(* Let $G$ be a maximal outerplanar graph and $\widetilde{G}$ its reduced graph. In every $B_1$-EPG representation of $G$ (if there is any), the paths corresponding to the three vertices of any triangle in $\widetilde{G}$ form a claw clique.
   Context: A graph is maximal outerplanar if it is outerplanar and adding any single new edge yields a non-outerplanar graph. $S_3$ is the graph with vertices $x_1,x_2,x_3,y_1,y_2,y_3$ and edges $\{x_1,x_2\},\{x_1,x_3\},\{x_2,x_3\},\{x_1,y_1\},\{x_2,y_1\},\{x_2,y_2\},\{x_3,y_2\},\{x_3,y_3\},\{x_1,y_3\}$; its central vertices are $x_1,x_2,x_3$ and its central edges are the three edges among them. A copy of $S_3$ in $G$ is an induced subgraph isomorphic to $S_3$. The reduced graph $\widetilde{G}$ is obtained by coloring, for every copy of $S_3$ in $G$, its central vertices and central edges, and then deleting from $G$ all uncolored vertices and uncolored edges. An EPG representation of a graph is a set of paths on a rectangular grid (sequences of grid points joined consecutively by grid edges), one per vertex, such that two vertices are adjacent iff their paths share a grid edge; it is a $B_1$-EPG representation if every path has at most one bend (point where a horizontal and a vertical grid edge of the path meet). A claw in the grid is a grid point together with three of the grid edges incident to it; a claw clique is the set of all paths that use two of the three edges of some such claw. *)

theory Defs
  imports "HOL-Analysis.Analysis"
begin

definition simple_graph :: "'v set \<Rightarrow> 'v set set \<Rightarrow> bool" where
  "simple_graph V E \<longleftrightarrow> finite V \<and>
     (\<forall>e\<in>E. \<exists>u v. e = {u, v} \<and> u \<noteq> v \<and> u \<in> V \<and> v \<in> V)"

text \<open>The graph is outerplanar if it has such a drawing where every vertex lies on the
  boundary of the outer (unbounded) face, i.e. in the closure of the unbounded
  component of the complement of the drawing.\<close>

definition drawing_set :: "'v set \<Rightarrow> 'v set set \<Rightarrow> ('v \<Rightarrow> complex) \<Rightarrow> ('v set \<Rightarrow> real \<Rightarrow> complex) \<Rightarrow> complex set" where
  "drawing_set V E pos \<gamma> = pos ` V \<union> (\<Union>e\<in>E. path_image (\<gamma> e))"

definition plane_drawing :: "'v set \<Rightarrow> 'v set set \<Rightarrow> ('v \<Rightarrow> complex) \<Rightarrow> ('v set \<Rightarrow> real \<Rightarrow> complex) \<Rightarrow> bool" where
  "plane_drawing V E pos \<gamma> \<longleftrightarrow>
     inj_on pos V \<and>
     (\<forall>e\<in>E. arc (\<gamma> e) \<and> {pathstart (\<gamma> e), pathfinish (\<gamma> e)} = pos ` e) \<and>
     (\<forall>e\<in>E. \<forall>v\<in>V. pos v \<in> path_image (\<gamma> e) \<longrightarrow> v \<in> e) \<and>
     (\<forall>e\<in>E. \<forall>e'\<in>E. e \<noteq> e' \<longrightarrow> path_image (\<gamma> e) \<inter> path_image (\<gamma> e') \<subseteq> pos ` (e \<inter> e'))"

□ □ □

» TRY IT
Copy, without any change, the lines from the one that contains "(\<forall>e\<in>E. arc (\<gamma>" to the final line of the entries above.

» RESPONSE AREA
     (\<forall>e\<in>E. arc (\<gamma> e) \<and> {pathstart (\<gamma> e), pathfinish (\<gamma> e)} = pos ` e) \<and>
     (\<forall>e\<in>E. \<forall>v\<in>V. pos v \<in> path_image (\<gamma> e) \<longrightarrow> v \<in> e) \<and>
     (\<forall>e\<in>E. \<forall>e'\<in>E. e \<noteq> e' \<longrightarrow> path_image (\<gamma> e) \<inter> path_image (\<gamma> e') \<subseteq> pos ` (e \<inter> e'))"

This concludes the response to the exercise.